Example: Imagine a law discussing vehicles and listing motorcycles, trucks, and
cars, then saying "other motor-powered vehicles." Ejusdem generis would mean
those "other motor-powered vehicles" should be similar to motorcycles, trucks, and
cars – like other land vehicles – not something completely different, like airplanes.

Case Law: In Circuit City Stores Inc. vs. Adams, the Supreme Court explained
ejusdem generis. It clarified that when specific words are followed by more general
ones in a law, the general words should only include things similar to the specific
ones listed before.

Conditions Apply: For ejusdem generis to be used, four things must happen:
1. The law lists specific things that form a group.
2. The group isn't complete; there's room for more.
3. After the specific list, the law mentions general terms.
4. It's not obvious that lawmakers meant the general terms to be broader than the
specific ones.

Exceptions: But there are times when ejusdem generis doesn't apply:
1. If the specific list is already broad, the rule doesn't work.
2. If the specific list covers everything in its category, there's nothing left for
ejusdem generis to apply to.
3. And if lawmakers clearly meant for the general term to be broader, the rule
doesn't kick in.
Q.6: Powers and duties of the S.C?
Answer:
1. Judicial Review:
- The Supreme Court has the power to review laws and actions of the
government to ensure they are in line with the Constitution. This means they can
strike down laws or actions that violate constitutional rights.
2. Final Appellate Jurisdiction:
- The Supreme Court is the highest court in the country, so its decisions are final.
It hears appeals from lower courts on important legal questions and has the
authority to make final judgments.
3. Interpreting the Constitution:
- It's the Supreme Court's job to interpret the Constitution. This means they
decide what the Constitution means in different situations and how it applies to
modern issues.
4. Settling Disputes Between States:
- The Supreme Court has the power to settle disputes between states. If two states
have a disagreement over something like borders or water rights, the Supreme
Court can step in and make a decision.
5. Judicial Review of Executive Actions:
- The Supreme Court can review actions taken by the executive branch (the
President and government agencies) to ensure they are lawful and constitutional.
6. Original Jurisdiction: - In certain cases, the Supreme Court has original
jurisdiction, meaning cases can be filed directly with the Supreme Court without
going through lower courts first. These cases often involve disputes between states
or cases affecting ambassadors or public ministers.

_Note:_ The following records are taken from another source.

theorem lemmaA2:
  fixes n :: nat and I :: "real set" and xs ys a1 :: real and y a2 :: "real \<Rightarrow> real"
  assumes n: "n \<ge> 1"
    and I: "is_interval I" and xsI: "xs \<in> I"
    and yC: "C_k_1 (2*n+1) I y"
    and a1: "a1 > 0"
    and a2: "continuous_on I a2"
    and yeq: "\<And>x. x \<in> I \<Longrightarrow> y x = ys + a1 * (x - xs)^(2*n+1) + a2 x * (x - xs)^(2*n+2)"
  defines "J \<equiv> {x \<in> I. ereal (\<bar>a2 x\<bar>^(2*n+1) * \<bar>y x - ys\<bar>) < ereal (a1^(2*n+2)) * R_rad n ^ (2*n+1)
                       \<and> (real (2*n+2) * a2 x * (x - xs)) / (real (2*n+1) * a1) > -1}"
  shows "\<forall>x \<in> connected_component_set J xs.
           summable (\<lambda>j. (- a2 x / (real (2*n+1) * a1))^j * c_seq n j * (root (2*n+1) ((y x - ys) / a1))^j)
         \<and> x - xs = root (2*n+1) ((y x - ys) / a1) *
             (\<Sum>j. (- a2 x / (real (2*n+1) * a1))^j * c_seq n j * (root (2*n+1) ((y x - ys) / a1))^j)"
proof
  fix x assume "x \<in> connected_component_set J xs"
  then have xI: "x \<in> I"
    and bound: "ereal (\<bar>a2 x\<bar>^(2*n+1) * \<bar>y x - ys\<bar>) < ereal (a1^(2*n+2)) * R_rad n ^ (2*n+1)"
    and branch: "(real (2*n+2) * a2 x * (x - xs)) / (real (2*n+1) * a1) > -1"
    using connected_component_subset by (auto simp: J_def)
  define b where "b = a2 x / a1"
  define w where "w = root (2*n+1) ((y x - ys) / a1)"
  have "\<bar>w\<bar>^(2*n+1) = \<bar>y x - ys\<bar> / a1"
    using a1 by (simp add: w_def power_abs[symmetric] odd_real_root_pow del: power_Suc)
  then have scaled: "a1^(2*n+2) * \<bar>b * w\<bar>^(2*n+1) = \<bar>a2 x\<bar>^(2*n+1) * \<bar>y x - ys\<bar>"
    using a1 by (simp add: b_def abs_mult abs_divide power_mult_distrib power_divide del: power_Suc) simp
  have z: "ereal \<bar>b * w\<bar> < R_rad n"
  proof (rule ereal_abs_less_of_power_less[where c = "a1^(2*n+2)" and k = "2*n+1"])
    show "ereal (a1^(2*n+2) * \<bar>b * w\<bar>^(2*n+1)) < ereal (a1^(2*n+2)) * R_rad n ^ (2*n+1)"
      unfolding scaled by (rule bound)
  qed (use a1 R_rad_nonneg in auto)
  have "real (2*n+2) * (b * (x - xs)) / real (2*n+1) > -1"
    using branch a1 by (simp add: b_def mult_ac)
  moreover have "w = root (2*n+1) ((x - xs)^(2*n+1) + b * (x - xs)^(2*n+2))"
    using yeq[OF xI] a1 by (simp add: w_def b_def field_simps)
  moreover have "- a2 x / (real (2*n+1) * a1) = - b / real (2*n+1)"
    by (simp add: b_def)
  ultimately show "summable (\<lambda>j. (- a2 x / (real (2*n+1) * a1))^j * c_seq n j * w^j)
         \<and> x - xs = w * (\<Sum>j. (- a2 x / (real (2*n+1) * a1))^j * c_seq n j * w^j)"
    using c_seq_series_inversion[OF z] by simp
qed

end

7. Supervision of Lower Courts:


- The Supreme Court oversees the lower federal courts and state courts to ensure
they are following federal law and the Constitution.
8. Upholding Individual Rights:
- One of the essential duties of the Supreme Court is to protect individual rights
guaranteed by the Constitution. This includes rights such as freedom of speech,
religion, and the right to a fair trial.
Q.7: Realist theory of law:
Answer:
Realistic Theory of Law:
The realistic theory of law, founded by jurists like Karl, deviates from the typical
legal positivist view that law is given by sovereign authority. While agreeing that
law comes from sovereign authority, realists emphasize that the enforcement of
law happens through the courts. They argue that if law isn't enforced through the
courts, it becomes like dead words without any value or meaning. Realists suggest
that the real lawmakers are the courts because they decide and enforce the law.

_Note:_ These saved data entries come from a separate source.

lemma dens_var_Y_pos: "y \<in> J \<Longrightarrow> dens_var_Y y > 0"
  using dens_Y_pos sigY_nonzero by (simp add: dens_var_Y_def)

(* The zero-flux stationary Kolmogorov equation of Y: it determines dens_Y from muY and sigY
   up to a constant factor. *)
lemma dens_var_Y_has_derivative:
  assumes y: "y \<in> J"
  shows "(dens_var_Y has_real_derivative dens_var_Y y * (2 * muY y / (sigY y)\<^sup>2)) (at y)"
proof -
  have U: "(U has_real_derivative U' y) (at y)" "(U' has_real_derivative U'' y) (at y)"
    using U_C2 y unfolding C2_derivs_on_def by blast+
  have nz: "sdens (U y) * U' y \<noteq> 0" using U'_pos[OF y] sdens_nonzero by simp
  from DERIV_mult[OF DERIV_chain2[OF sdens_has_derivative[OF U_in[OF y]] U(1)] U(2)]
  have "((\<lambda>y. sdens (U y) * U' y) has_real_derivative
      - drift_ratio (U y) * sdens (U y) * U' y * U' y + U'' y * sdens (U y)) (at y)" .
  from DERIV_divide[OF DERIV_const this nz, of norm_const]
  have D: "((\<lambda>y. norm_const / (sdens (U y) * U' y)) has_real_derivative
      (0 * (sdens (U y) * U' y) - norm_const * (- drift_ratio (U y) * sdens (U y) * U' y * U' y
        + U'' y * sdens (U y))) / (sdens (U y) * U' y * (sdens (U y) * U' y))) (at y)" .
  have "(0 * (sdens (U y) * U' y) - norm_const * (- drift_ratio (U y) * sdens (U y) * U' y * U' y
        + U'' y * sdens (U y))) / (sdens (U y) * U' y * (sdens (U y) * U' y))
      = dens_var_Y y * (2 * muY y / (sigY y)\<^sup>2)"
    using U'_pos[OF y] sdens_nonzero[of "U y"] sig_nonzero[OF U_in[OF y]]
    by (simp add: dens_var_Y_eq[OF y] muY_eq[OF y] sigY_eq[OF y] field_simps
        power2_eq_square power3_eq_cube)
  from DERIV_cong[OF D this] show ?thesis
    by (rule has_field_derivative_transform_within_open[OF _ J_open y]) (simp add: dens_var_Y_eq)
qed

end

section \<open>Identification\<close>

definition same_Xbar_coeffs :: "real set \<Rightarrow> real \<Rightarrow> (real \<Rightarrow> 'p \<Rightarrow> real) \<Rightarrow> (real \<Rightarrow> 'p \<Rightarrow> real)
    \<Rightarrow> 'p \<Rightarrow> 'p \<Rightarrow> bool" where
  "same_Xbar_coeffs I xs mu sig th th' \<longleftrightarrow>
     (\<forall>xb \<in> {0<..<1}. mu_bar I xs mu sig th xb = mu_bar I xs mu sig th' xb
                     \<and> sig_bar I xs mu sig th xb = sig_bar I xs mu sig th' xb)"

locale structure_pair =
  A: transformed_diffusion I xs mu sig th V + B: transformed_diffusion I xs mu sig th' W
  for I xs mu sig th V th' W
begin

lemma obs_equiv_imp_dens_Y_proportional:
  assumes "obs_equiv I mu sig (th, V) (th', W)"
  obtains c where "c > 0" "\<And>y. y \<in> V ` I \<Longrightarrow> B.dens_Y y = c * A.dens_Y y"
proof -
  have same_J: "W ` I = V ` I" using assms by (simp add: obs_equiv_def)
  have same_Y: "\<And>y. y \<in> V ` I \<Longrightarrow> A.muY y = B.muY y \<and> A.sigY y = B.sigY y"
    using assms unfolding obs_equiv_def snd_conv by blast
  have "(B.dens_var_Y has_real_derivative B.dens_var_Y y * (2 * A.muY y / (A.sigY y)\<^sup>2)) (at y)"
    if "y \<in> V ` I" for y
    using B.dens_var_Y_has_derivative[of y] same_Y[OF that] same_J that by simp
  with proportional_if_same_log_derivative[OF is_interval_convex[OF A.J_interval]
      A.dens_var_Y_has_derivative] A.dens_var_Y_pos
  obtain c where c: "\<And>y. y \<in> V ` I \<Longrightarrow> B.dens_var_Y y = c * A.dens_var_Y y"
    by (metis less_irrefl)
  have dens_Y: "B.dens_Y y = c * A.dens_Y y" if "y \<in> V ` I" for y
    using c[OF that] same_Y[OF that] A.sigY_nonzero[OF that]
    by (simp add: A.dens_var_Y_def B.dens_var_Y_def)
  obtain y where y: "y \<in> V ` I" using A.xs_in by blast
  have "c > 0"
    using dens_Y[OF y] A.dens_Y_pos[OF y] B.dens_Y_pos[of y] y same_J
    by (metis zero_less_mult_pos2)
  with dens_Y that show ?thesis by blast
qed

lemma obs_equiv_imp_cdf_Y_eq:
  assumes "obs_equiv I mu sig (th, V) (th', W)" "y \<in> V ` I"
  shows "B.cdf_Y y = A.cdf_Y y"
proof -
  have same_J: "W ` I = V ` I" using assms(1) by (simp add: obs_equiv_def)
  obtain c where "c > 0" and dens_Y: "\<And>y. y \<in> V ` I \<Longrightarrow> B.dens_Y y = c * A.dens_Y y"
    using obs_equiv_imp_dens_Y_proportional[OF assms(1)] by blast
  obtain d where affine: "\<And>y. y \<in> V ` I \<Longrightarrow> B.cdf_Y y = c * A.cdf_Y y + d"
    using affine_if_proportional_derivatives[OF is_interval_convex[OF A.J_interval]
        A.cdf_Y_has_derivative, of B.cdf_Y c] B.cdf_Y_has_derivative dens_Y same_J by metis
  \<comment> \<open>both cdfs map \<open>V ` I\<close> onto \<open>{0<..<1}\<close>, which forces the affine relation to be trivial\<close>
  have "(\<lambda>t. c * t + d) ` {0<..<1} = (\<lambda>y. c * A.cdf_Y y + d) ` V ` I"
    by (simp add: A.cdf_Y_image[symmetric] image_image)
  also have "\<dots> = {0<..<1}"
    using B.cdf_Y_image same_J affine by (metis (no_types, lifting) image_cong)
  finally have "c = 1 \<and> d = 0" by (rule affine_self_map_unit_interval[OF \<open>c > 0\<close>])
  then show ?thesis using affine[OF assms(2)] by simp
qed

lemma same_cdf_Y_imp_same_Xbar_coeffs_iff_obs_equiv:
  assumes same_J: "W ` I = V ` I" and same_cdf: "\<And>y. y \<in> V ` I \<Longrightarrow> B.cdf_Y y = A.cdf_Y y"
  shows "same_Xbar_coeffs I xs mu sig th th' \<longleftrightarrow> obs_equiv I mu sig (th, V) (th', W)"
proof -
  have dens_eq: "B.dens_Y y = A.dens_Y y" if y: "y \<in> V ` I" for y
  proof -
    have "(B.cdf_Y has_real_derivative A.dens_Y y) (at y)"
      by (rule has_field_derivative_transform_within_open[OF A.cdf_Y_has_derivative[OF y] A.J_open y])
        (simp add: same_cdf)
    moreover have "(B.cdf_Y has_real_derivative B.dens_Y y) (at y)"
      using B.cdf_Y_has_derivative[of y] y same_J by simp
    ultimately show ?thesis by (simp add: DERIV_unique)
  qed
  have deriv_dens_eq: "deriv B.dens_Y y = deriv A.dens_Y y" if y: "y \<in> V ` I" for y
    using eventually_mono[OF eventually_nhds_in_open[OF A.J_open y] dens_eq] refl by (rule deriv_cong_ev)
  have pointwise: "(mu_bar I xs mu sig th (A.cdf_Y y) = mu_bar I xs mu sig th' (A.cdf_Y y)
        \<and> sig_bar I xs mu sig th (A.cdf_Y y) = sig_bar I xs mu sig th' (A.cdf_Y y))
      \<longleftrightarrow> A.muY y = B.muY y \<and> A.sigY y = B.sigY y" if y: "y \<in> V ` I" for y
  proof -
    have yB: "y \<in> W ` I" using y same_J by simp
    show ?thesis
      using A.mu_bar_cdf_Y[OF y] B.mu_bar_cdf_Y[OF yB] A.sig_bar_cdf_Y[OF y] B.sig_bar_cdf_Y[OF yB]
        same_cdf[OF y] dens_eq[OF y] deriv_dens_eq[OF y] A.dens_Y_pos[OF y] by auto
  qed
  have "same_Xbar_coeffs I xs mu sig th th' \<longleftrightarrow>
      (\<forall>y \<in> V ` I. mu_bar I xs mu sig th (A.cdf_Y y) = mu_bar I xs mu sig th' (A.cdf_Y y)
        \<and> sig_bar I xs mu sig th (A.cdf_Y y) = sig_bar I xs mu sig th' (A.cdf_Y y))"
    unfolding same_Xbar_coeffs_def A.cdf_Y_image[symmetric] by blast
  also have "\<dots> \<longleftrightarrow> obs_equiv I mu sig (th, V) (th', W)"
    using pointwise same_J by (auto simp: obs_equiv_def)
  finally show ?thesis .
qed

lemma obs_equiv_imp_same_Xbar_coeffs:
  assumes "obs_equiv I mu sig (th, V) (th', W)"
  shows "same_Xbar_coeffs I xs mu sig th th'"
proof -
  have "W ` I = V ` I" using assms by (simp add: obs_equiv_def)
  with same_cdf_Y_imp_same_Xbar_coeffs_iff_obs_equiv obs_equiv_imp_cdf_Y_eq[OF assms] assms
  show ?thesis by blast
qed

lemma obs_equiv_same_param_imp_eq_on:
  assumes "th' = th" "obs_equiv I mu sig (th, V) (th', W)" "x \<in> I"
  shows "W x = V x"
proof -
  have same_J: "W ` I = V ` I" using assms(2) by (simp add: obs_equiv_def)
  have y: "V x \<in> V ` I" using assms(3) by simp
  have "FX I xs mu sig th' (B.U (V x)) = A.cdf (A.U (V x))"
    using obs_equiv_imp_cdf_Y_eq[OF assms(2) y] unfolding A.cdf_Y_def B.cdf_Y_def .
  then have "A.cdf (B.U (V x)) = A.cdf (A.U (V x))" using assms(1) by simp
  then have "B.U (V x) = x"
    using strict_mono_on_imp_inj_on[OF A.cdf_strict_mono] A.U_V[OF assms(3)] B.U_in[of "V x"] y same_J
      A.U_in[OF y] by (metis inj_onD)
  then show ?thesis using B.V_U[of "V x"] y same_J by simp
qed

end

lemma admissible_V_compose:
  assumes "open I" "admissible_V I V" "admissible_V I \<Phi>" "\<Phi> ` I \<subseteq> I"
  shows "admissible_V I (V \<circ> \<Phi>)"
proof -
  have V: "C2_derivs_on I V (deriv V) (deriv (deriv V))"
    and \<Phi>: "C2_derivs_on I \<Phi> (deriv \<Phi>) (deriv (deriv \<Phi>))"
    using C2_on_imp_C2_derivs_on[OF assms(1)] assms(2,3) by (auto simp: admissible_V_def)
  note V\<Phi> = C2_derivs_on_compose[OF V \<Phi> assms(4)]
  have "strict_mono_on I (V \<circ> \<Phi>)"
  proof (rule strict_mono_onI)
    fix x y assume "x \<in> I" "y \<in> I" "x < y"
    then have "\<Phi> x < \<Phi> y" "\<Phi> x \<in> I" "\<Phi> y \<in> I"
      using assms(3,4) by (auto simp: admissible_V_def dest: strict_mono_onD)
    then show "(V \<circ> \<Phi>) x < (V \<circ> \<Phi>) y"
      using assms(2) by (auto simp: admissible_V_def dest: strict_mono_onD)
  qed
  moreover have "deriv (V \<circ> \<Phi>) x \<noteq> 0" if "x \<in> I" for x
  proof -
    have "\<Phi> x \<in> I" using assms(4) that by auto
    then show ?thesis
      using C2_derivs_on_deriv(1)[OF assms(1) V\<Phi> that] assms(2,3) that by (simp add: admissible_V_def)
  qed
  ultimately show ?thesis
    using C2_derivs_on_imp_C2_on[OF assms(1) V\<Phi>] by (simp add: admissible_V_def)
qed

locale parameter_pair =
  A: stationary_diffusion I xs mu sig th + B: stationary_diffusion I xs mu sig th'
  for I xs mu sig th th'
begin

definition "bridge = inv_into I A.cdf \<circ> B.cdf"

lemma B_cdf_in_A_image: "x \<in> I \<Longrightarrow> B.cdf x \<in> A.cdf ` I"
  using A.cdf_image B.cdf_image by blast

lemma bridge_in: "x \<in> I \<Longrightarrow> bridge x \<in> I"
  using B_cdf_in_A_image by (simp add: bridge_def inv_into_into)

lemma cdf_bridge: "x \<in> I \<Longrightarrow> A.cdf (bridge x) = B.cdf x"
  using B_cdf_in_A_image by (simp add: bridge_def f_inv_into_f)

lemma bridge_image: "bridge ` I = I"
proof (intro equalityI subsetI)
  show "x \<in> I" if "x \<in> bridge ` I" for x using that bridge_in by auto
  fix z assume z: "z \<in> I"
  then have "A.cdf z \<in> B.cdf ` I" by (simp add: B.cdf_image A.cdf_image[symmetric])
  then obtain x where x: "x \<in> I" "B.cdf x = A.cdf z" by (metis imageE)
  then have "bridge x = z"
    using inv_into_f_f[OF strict_mono_on_imp_inj_on[OF A.cdf_strict_mono] z] by (simp add: bridge_def)
  with x(1) show "z \<in> bridge ` I" by blast
qed

lemma bridge_admissible: "admissible_V I bridge"
proof -
  have "C2_derivs_on (A.cdf ` I) (inv_into I A.cdf) (\<lambda>u. 1 / A.dens (inv_into I A.cdf u))
      (\<lambda>u. - A.dens' (inv_into I A.cdf u) / (A.dens (inv_into I A.cdf u)) ^ 3)"
    using C2_derivs_on_inv_into[OF A.I_open A.cdf_strict_mono A.cdf_C2] A.dens_pos by force
  from C2_derivs_on_compose[OF this B.cdf_C2] B_cdf_in_A_image
  have C2: "C2_derivs_on I bridge (\<lambda>x. 1 / A.dens (bridge x) * B.dens x) (\<lambda>x. - A.dens' (bridge x)
      / (A.dens (bridge x)) ^ 3 * (B.dens x)\<^sup>2 + 1 / A.dens (bridge x) * B.dens' x)"
    by (auto simp: bridge_def)
  have "strict_mono_on I bridge"
    using strict_mono_on_inv_into[OF A.cdf_strict_mono] B.cdf_strict_mono B_cdf_in_A_image
    by (auto simp: bridge_def strict_mono_on_def)
  moreover have "deriv bridge x \<noteq> 0" if "x \<in> I" for x
    using C2_derivs_on_deriv(1)[OF A.I_open C2 that] A.dens_pos[OF bridge_in[OF that]] B.dens_pos[OF that]
    by simp
  ultimately show ?thesis using C2_derivs_on_imp_C2_on[OF A.I_open C2] by (simp add: admissible_V_def)
qed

According to the realists, law isn't truly law until it's enforced by the courts. They
believe that the practical application of law, where people start following and
applying it in their lives, gives it life and meaning. Realists highlight the crucial
role of the judiciary in enforcing the law, as they are knowledgeable and skilled in
determining what is beneficial or harmful for society.

Merits of Realistic Theory:

1. Emphasis on Practical Application: Realists stress that the true nature of law
emerges when it's practically applied in real-life situations.

2. Role of the Judiciary: Realists highlight the important role of the judiciary in
enforcing and interpreting the law, acknowledging their expertise in making
decisions for the benefit of society.

Demerits of Realistic Theory:

1. Overemphasis on Thoughts: Critics argue that the theory is solely based on


abstract thoughts and ideas, neglecting other sources of law such as customs and
precedents.
2. Neglect of Judicial Recognition: Critics suggest that the theory overlooks the
importance of judicial recognition in enforcing the law, implying that enforcement
happens automatically without the need for judicial intervention.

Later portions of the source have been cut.